lemma inv_\<g>1_\<sigma>1:
  "inv\<^bsub>FB n\<^esub> \<g>1 \<otimes>\<^bsub>FB n\<^esub> \<sigma>1
   = \<sigma>1 \<otimes>\<^bsub>FB n\<^esub> (\<g>1 \<otimes>\<^bsub>FB n\<^esub> (inv\<^bsub>FB n\<^esub> \<g>2 \<otimes>\<^bsub>FB n\<^esub> inv\<^bsub>FB n\<^esub> \<g>1))"
proof -
  have "inv\<^bsub>FB n\<^esub> \<g>1 \<otimes>\<^bsub>FB n\<^esub> \<sigma>1
      = \<sigma>1 \<otimes>\<^bsub>FB n\<^esub> inv\<^bsub>FB n\<^esub> (\<g>1 \<otimes>\<^bsub>FB n\<^esub> (\<g>2 \<otimes>\<^bsub>FB n\<^esub> inv\<^bsub>FB n\<^esub> \<g>1))"
    by (rule G.intertwine_inv) (simp_all add: \<g>1_\<sigma>1)
  then show ?thesis by (simp add: G.inv_mult_group G.m_assoc)
qed

lemma inv_\<g>2_\<sigma>2:
  "inv\<^bsub>FB n\<^esub> \<g>2 \<otimes>\<^bsub>FB n\<^esub> \<sigma>2
   = \<sigma>2 \<otimes>\<^bsub>FB n\<^esub> (\<g>2 \<otimes>\<^bsub>FB n\<^esub> (inv\<^bsub>FB n\<^esub> \<g>3 \<otimes>\<^bsub>FB n\<^esub> inv\<^bsub>FB n\<^esub> \<g>2))"
proof -
  have "inv\<^bsub>FB n\<^esub> \<g>2 \<otimes>\<^bsub>FB n\<^esub> \<sigma>2
      = \<sigma>2 \<otimes>\<^bsub>FB n\<^esub> inv\<^bsub>FB n\<^esub> (\<g>2 \<otimes>\<^bsub>FB n\<^esub> (\<g>3 \<otimes>\<^bsub>FB n\<^esub> inv\<^bsub>FB n\<^esub> \<g>2))"
    by (rule G.intertwine_inv) (simp_all add: \<g>2_\<sigma>2)
  then show ?thesis by (simp add: G.inv_mult_group G.m_assoc)
qed

lemmas braid_window_rels =
  \<g>2_\<sigma>1 \<g>1_\<sigma>1 \<g>3_\<sigma>2 \<g>2_\<sigma>2 \<g>1_\<sigma>2 \<g>3_\<sigma>1 inv_\<g>1_\<sigma>1 inv_\<g>2_\<sigma>2
  G.intertwine_inv[OF _ _ _ \<g>2_\<sigma>1, simplified] G.intertwine_inv[OF _ _ _ \<g>3_\<sigma>2, simplified]
  G.intertwine_inv[OF _ _ _ \<g>1_\<sigma>2, simplified] G.intertwine_inv[OF _ _ _ \<g>3_\<sigma>1, simplified]

lemma braid_window_rels_tail:
  "t \<in> carrier (FB n) \<Longrightarrow> \<sigma>2 \<otimes>\<^bsub>FB n\<^esub> (\<sigma>1 \<otimes>\<^bsub>FB n\<^esub> (\<sigma>2 \<otimes>\<^bsub>FB n\<^esub> t))
     = \<sigma>1 \<otimes>\<^bsub>FB n\<^esub> (\<sigma>2 \<otimes>\<^bsub>FB n\<^esub> (\<sigma>1 \<otimes>\<^bsub>FB n\<^esub> t))"
  using \<sigma>2_\<sigma>1_\<sigma>2 by (simp add: G.m_assoc[symmetric])

lemma phi_gen_braid_window:
  "gm_mult n (gm_mult n (phi_gen n (Suc j)) (phi_gen n (Suc (Suc j)))) (phi_gen n (Suc j))
   = gm_mult n (gm_mult n (phi_gen n (Suc (Suc j))) (phi_gen n (Suc j))) (phi_gen n (Suc (Suc j)))"
proof -
  let ?W = "{j, Suc j, Suc (Suc j)}"
  have W: "?W \<subseteq> {..<n}" using j by auto
  have P: "scalar_outside n ?W (gr_of \<sigma>1) (phi_gen n (Suc j))"
    by (rule scalar_outside_mono[OF scalar_outside_phi_gen]) (use j in auto)
  have Q: "scalar_outside n ?W (gr_of \<sigma>2) (phi_gen n (Suc (Suc j)))"
    by (rule scalar_outside_mono[OF scalar_outside_phi_gen[of "Suc j" n]]) (use j in auto)
  have j2: "Suc j + 2 \<le> n" "j + 2 \<le> n" using j by auto
  show ?thesis
  proof (rule scalar_outside_eqI)
    show "scalar_outside n ?W (gr_of (\<sigma>1 \<otimes>\<^bsub>FB n\<^esub> (\<sigma>2 \<otimes>\<^bsub>FB n\<^esub> \<sigma>1)))
        (gm_mult n (gm_mult n (phi_gen n (Suc j)) (phi_gen n (Suc (Suc j)))) (phi_gen n (Suc j)))"
      using scalar_outside_gm_mult[OF scalar_outside_gm_mult[OF P Q] P]
      by (simp add: gr_mult_gr_of G.m_assoc)
    show "scalar_outside n ?W (gr_of (\<sigma>1 \<otimes>\<^bsub>FB n\<^esub> (\<sigma>2 \<otimes>\<^bsub>FB n\<^esub> \<sigma>1)))
        (gm_mult n (gm_mult n (phi_gen n (Suc (Suc j))) (phi_gen n (Suc j))) (phi_gen n (Suc (Suc j))))"
      using scalar_outside_gm_mult[OF scalar_outside_gm_mult[OF Q P] Q]
      by (simp add: gr_mult_gr_of G.m_assoc \<sigma>2_\<sigma>1_\<sigma>2)
  next
    fix k l assume k: "k \<in> ?W" and l: "l \<in> ?W"
    then show "gm_mult n (gm_mult n (phi_gen n (Suc j)) (phi_gen n (Suc (Suc j)))) (phi_gen n (Suc j)) k l
        = gm_mult n (gm_mult n (phi_gen n (Suc (Suc j))) (phi_gen n (Suc j))) (phi_gen n (Suc (Suc j))) k l"
      unfolding gm_mult_entry_window[OF W scalar_outside_gm_mult[OF P Q] k]
        gm_mult_entry_window[OF W scalar_outside_gm_mult[OF Q P] k]
        gm_mult_entry_window[OF W P k] gm_mult_entry_window[OF W Q k]
      using j
      by (elim insertE emptyE)
        (simp_all add: phi_gen_entries[OF j2(1)] phi_gen_entries[OF j2(2)] gr_mult_diff_left
          gr_mult_diff_right gr_mult_add_left gr_mult_add_right gr_mult_gr_of fin_supp_diff
          fin_supp_add fin_supp_mult group_FB_simps braid_window_rels
          braid_window_rels[THEN G.m_assoc_tail] braid_window_rels_tail \<sigma>2_\<sigma>1_\<sigma>2)
  qed
qed

end

context
  fixes n a b :: nat
  assumes ab: "a + 2 \<le> b" and bn: "b + 2 \<le> n"
begin

interpretation G: group "FB n" by (rule group_FB)

lemma far_window_rels:
  "\<sigma> n (Suc b) \<otimes>\<^bsub>FB n\<^esub> \<sigma> n (Suc a) = \<sigma> n (Suc a) \<otimes>\<^bsub>FB n\<^esub> \<sigma> n (Suc b)"
  "\<g> n (Suc a) \<otimes>\<^bsub>FB n\<^esub> \<sigma> n (Suc b) = \<sigma> n (Suc b) \<otimes>\<^bsub>FB n\<^esub> \<g> n (Suc a)"
  "\<g> n (Suc b) \<otimes>\<^bsub>FB n\<^esub> \<sigma> n (Suc a) = \<sigma> n (Suc a) \<otimes>\<^bsub>FB n\<^esub> \<g> n (Suc b)"
  using \<sigma>_far_commute[of "Suc b" n "Suc a"] \<g>_\<sigma>_commute[of "Suc b" n "Suc a"]
    \<g>_\<sigma>_commute[of "Suc a" n "Suc b"] ab bn
  by simp_all

lemma phi_gen_far_window:
  "gm_mult n (phi_gen n (Suc a)) (phi_gen n (Suc b)) = gm_mult n (phi_gen n (Suc b)) (phi_gen n (Suc a))"
proof -
  let ?W = "{a, Suc a, b, Suc b}"
  have W: "?W \<subseteq> {..<n}" using ab bn by auto
  have P: "scalar_outside n ?W (gr_of (\<sigma> n (Suc a))) (phi_gen n (Suc a))"
    by (rule scalar_outside_mono[OF scalar_outside_phi_gen[of a n]]) (use ab bn in auto)
  have Q: "scalar_outside n ?W (gr_of (\<sigma> n (Suc b))) (phi_gen n (Suc b))"
    by (rule scalar_outside_mono[OF scalar_outside_phi_gen[of b n]]) (use ab bn in auto)
  have j2: "a + 2 \<le> n" "b + 2 \<le> n" using ab bn by auto
  have c: "\<sigma> n (Suc a) \<in> carrier (FB n)" "\<sigma> n (Suc b) \<in> carrier (FB n)"
    "\<g> n (Suc a) \<in> carrier (FB n)" "\<g> n (Suc b) \<in> carrier (FB n)"
    using ab bn by auto
  show ?thesis
  proof (rule scalar_outside_eqI)
    show "scalar_outside n ?W (gr_of (\<sigma> n (Suc a) \<otimes>\<^bsub>FB n\<^esub> \<sigma> n (Suc b)))
        (gm_mult n (phi_gen n (Suc a)) (phi_gen n (Suc b)))"
      using scalar_outside_gm_mult[OF P Q] by (simp add: gr_mult_gr_of)
    show "scalar_outside n ?W (gr_of (\<sigma> n (Suc a) \<otimes>\<^bsub>FB n\<^esub> \<sigma> n (Suc b)))
        (gm_mult n (phi_gen n (Suc b)) (phi_gen n (Suc a)))"
      using scalar_outside_gm_mult[OF Q P] by (simp add: gr_mult_gr_of far_window_rels)
  next
    fix k l assume k: "k \<in> ?W" and l: "l \<in> ?W"
    then show "gm_mult n (phi_gen n (Suc a)) (phi_gen n (Suc b)) k l
        = gm_mult n (phi_gen n (Suc b)) (phi_gen n (Suc a)) k l"
      unfolding gm_mult_entry_window[OF W P k] gm_mult_entry_window[OF W Q k]
      using ab bn c
      by (elim insertE emptyE)
        (simp_all add: phi_gen_entries[OF j2(1)] phi_gen_entries[OF j2(2)] gr_mult_diff_left
          gr_mult_diff_right gr_mult_gr_of fin_supp_diff fin_supp_mult G.m_assoc far_window_rels
          far_window_rels[THEN G.m_assoc_tail])
  qed
qed

end

lemma \<sigma>_index_cases:
  assumes "1 \<le> i" "i \<le> n - 1"
  obtains j where "i = Suc j" "j + 2 \<le> n"
  using assms by (cases i) auto

lemma phi_gen_far_commute:
  assumes "1 \<le> i" "i \<le> n - 1" "1 \<le> k" "k \<le> n - 1" "i + 1 < k"
  shows "gm_mult n (phi_gen n i) (phi_gen n k) = gm_mult n (phi_gen n k) (phi_gen n i)"
  using phi_gen_far_window[of "i - 1" "k - 1" n] assms by simp

lemma phi_gen_braid:
  assumes "1 \<le> i" "i + 1 \<le> n - 1"
  shows "gm_mult n (phi_gen n i) (gm_mult n (phi_gen n (i + 1)) (phi_gen n i))
       = gm_mult n (phi_gen n (i + 1)) (gm_mult n (phi_gen n i) (phi_gen n (i + 1)))"
proof -
  obtain j where i: "i = Suc j" and j: "j + 3 \<le> n" using assms by (cases i) auto
  have "gm_wf n (phi_gen n i)" "gm_wf n (phi_gen n (i + 1))"
    using gm_wf_phi_gen[of j n] gm_wf_phi_gen[of "Suc j" n] i j by auto
  then show ?thesis
    using phi_gen_braid_window[OF j] i by (simp add: gm_mult_assoc)
qed

lemma gens_cases:
  assumes "x \<in> gens n"
  obtains j where "x = s (Suc j)" "j + 2 \<le> n" | i where "x = g i"
proof (cases x)
  case (s i)
  then have "1 \<le> i" "i \<le> n - 1" using assms by auto
  with s that(1) show ?thesis by (cases i) auto
next
  case (g i)
  with that(2) show ?thesis .
qed

lemma gm_wf_phi_letter:
  assumes "fst a \<in> gens n"
  shows "gm_wf n (phi_letter n a)"
proof -
  obtain x b where a: "a = (x, b)" by force
  from assms show ?thesis
    unfolding a by (cases b) (auto elim!: gens_cases
      simp: phi_gen_inv_eq gm_wf_phi_gen gm_wf_phi_gen_inverse gm_wf_one)
qed

lemma phi_word_Cons: "phi_word n (a # w) = gm_mult n (phi_letter n a) (phi_word n w)"
  by (simp add: phi_word_def)

lemma phi_word_Nil: "phi_word n [] = gm_one n"
  by (simp add: phi_word_def)

lemma gm_wf_phi_word: "w \<in> lists (gens n \<times> UNIV) \<Longrightarrow> gm_wf n (phi_word n w)"
  by (induction w) (auto simp: phi_word_Nil phi_word_Cons gm_wf_one gm_wf_mult gm_wf_phi_letter)

lemma phi_word_append:
  "u \<in> lists (gens n \<times> UNIV) \<Longrightarrow> v \<in> lists (gens n \<times> UNIV) \<Longrightarrow>
   phi_word n (u @ v) = gm_mult n (phi_word n u) (phi_word n v)"
proof (induction u)
  case Nil
  then show ?case by (simp add: phi_word_Nil gm_mult_one_left gm_wf_phi_word)
next
  case (Cons a u)
  then have "gm_wf n (phi_letter n a)" "gm_wf n (phi_word n u)" "gm_wf n (phi_word n v)"
    by (auto intro: gm_wf_phi_letter gm_wf_phi_word simp: mem_Times_iff)
  with Cons show ?case by (simp add: phi_word_Cons gm_mult_assoc)
qed

lemma phi_word_cancel:
  "a \<in> gens n \<Longrightarrow> phi_word n [(a, b), (a, \<not> b)] = phi_word n []"
  by (elim gens_cases; cases b)
    (simp_all add: phi_word_def phi_gen_inv_eq gm_mult_one_right gm_wf_phi_gen gm_wf_phi_gen_inverse
      phi_gen_mult_inverse phi_gen_inverse_mult gm_wf_one)

lemma phi_word_rels:
  assumes "(u, v) \<in> rels n"
  shows "phi_word n u = phi_word n v"
proof -
  have wf: "gm_wf n (phi_gen n i)" if i: "1 \<le> i" "i \<le> n - 1" for i
  proof -
    obtain j where "i = Suc j" "j + 2 \<le> n" using i by (rule \<sigma>_index_cases)
    then show ?thesis by (simp add: gm_wf_phi_gen)
  qed
  have g_letters:
    "phi_word n [(g j, False), (s i, False)] = phi_gen n i"
    "phi_word n [(s i, False), (g j, False)] = phi_gen n i"
    "phi_word n [(s i, False), (g j, False), (g k, False), (g j, True)] = phi_gen n i"
    if "1 \<le> i" "i \<le> n - 1" for i j k
    using wf[OF that] by (simp_all add: phi_word_def gm_mult_one_left gm_mult_one_right gm_wf_one)
  from assms show ?thesis
    unfolding rels_def
  proof (elim UnE CollectE exE conjE)
    fix i k
    assume uv: "(u, v) = ([(s i, False), (s k, False)], [(s k, False), (s i, False)])"
      and c: "1 \<le> i" "i \<le> n - 1" "1 \<le> k" "k \<le> n - 1" "i + 1 < k \<or> k + 1 < i"
    then show ?thesis
      using phi_gen_far_commute[of i n k] phi_gen_far_commute[of k n i] wf[of i] wf[of k]
      by (auto simp: phi_word_def gm_mult_one_right)
  next
    fix i k
    assume uv: "(u, v) = ([(s i, False), (s k, False), (s i, False)], [(s k, False), (s i, False), (s k, False)])"
      and c: "1 \<le> i" "i \<le> n - 1" "1 \<le> k" "k \<le> n - 1" "i = k + 1 \<or> k = i + 1"
    then show ?thesis
      using phi_gen_braid[of i n] phi_gen_braid[of k n] wf[of i] wf[of k]
      by (auto simp: phi_word_def gm_mult_one_right)
  qed (auto simp: g_letters)
qed

lemma phi_word_pres_rel: "(u, v) \<in> pres_rel (gens n) (rels n) \<Longrightarrow> phi_word n u = phi_word n v"
proof (induction rule: pres_rel.induct)
  case (cancel a b)
  then show ?case by (rule phi_word_cancel)
next
  case (rel u v)
  from rel(1) show ?case by (rule phi_word_rels)
next
  case (cong u v u' v')
  then show ?case
    using pres_rel_in_lists[OF cong.hyps(1)] pres_rel_in_lists[OF cong.hyps(2)]
    by (simp add: phi_word_append)
qed simp_all

abbreviation braid_letters :: "nat \<Rightarrow> gen set" where
  "braid_letters n \<equiv> {s i | i. 1 \<le> i \<and> i \<le> n - 1}"

lemma braid_word_in_lists: "w \<in> lists (braid_letters n \<times> UNIV) \<Longrightarrow> w \<in> lists (gens n \<times> UNIV)"
  by (induction w) auto

lemma braid_sub_word:
  "\<beta> \<in> braid_sub n \<Longrightarrow> \<exists>w. w \<in> lists (braid_letters n \<times> UNIV) \<and> fb_class n w = \<beta>"
  unfolding braid_sub_def
proof (induction rule: generate.induct)
  case one
  then show ?case by (intro exI[of _ "[]"]) (simp add: one_FB)
next
  case (incl h)
  then obtain i where "h = \<sigma> n i" "1 \<le> i" "i \<le> n - 1" by blast
  then show ?case by (intro exI[of _ "[(s i, False)]"]) (auto simp: elem_def)
next
  case (inv h)
  then obtain i where "h = \<sigma> n i" "1 \<le> i" "i \<le> n - 1" by blast
  then show ?case by (intro exI[of _ "[(s i, True)]"]) (auto simp: inv_elem)
next
  case (eng h1 h2)
  then obtain w1 w2 where "w1 \<in> lists (braid_letters n \<times> UNIV)" "fb_class n w1 = h1"
    "w2 \<in> lists (braid_letters n \<times> UNIV)" "fb_class n w2 = h2"
    by blast
  then show ?case
    by (intro exI[of _ "w1 @ w2"]) (auto simp: mult_FB[symmetric] braid_word_in_lists)
qed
*****
=== Assigned task ===
Write down again, exactly as given, only the lines above that fall from the line with "j, False), (g" to the line with "using phi_gen_braid[of i", inclusive.

=== Answer to this task ===
    "phi_word n [(s i, False), (g j, False), (g k, False), (g j, True)] = phi_gen n i"
    if "1 \<le> i" "i \<le> n - 1" for i j k
    using wf[OF that] by (simp_all add: phi_word_def gm_mult_one_left gm_mult_one_right gm_wf_one)
  from assms show ?thesis
    unfolding rels_def
  proof (elim UnE CollectE exE conjE)
    fix i k
    assume uv: "(u, v) = ([(s i, False), (s k, False)], [(s k, False), (s i, False)])"
      and c: "1 \<le> i" "i \<le> n - 1" "1 \<le> k" "k \<le> n - 1" "i + 1 < k \<or> k + 1 < i"
    then show ?thesis
      using phi_gen_far_commute[of i n k] phi_gen_far_commute[of k n i] wf[of i] wf[of k]
      by (auto simp: phi_word_def gm_mult_one_right)
  next
    fix i k
    assume uv: "(u, v) = ([(s i, False), (s k, False), (s i, False)], [(s k, False), (s i, False), (s k, False)])"
      and c: "1 \<le> i" "i \<le> n - 1" "1 \<le> k" "k \<le> n - 1" "i = k + 1 \<or> k = i + 1"
    then show ?thesis
      using phi_gen_braid[of i n] phi_gen_braid[of k n] wf[of i] wf[of k]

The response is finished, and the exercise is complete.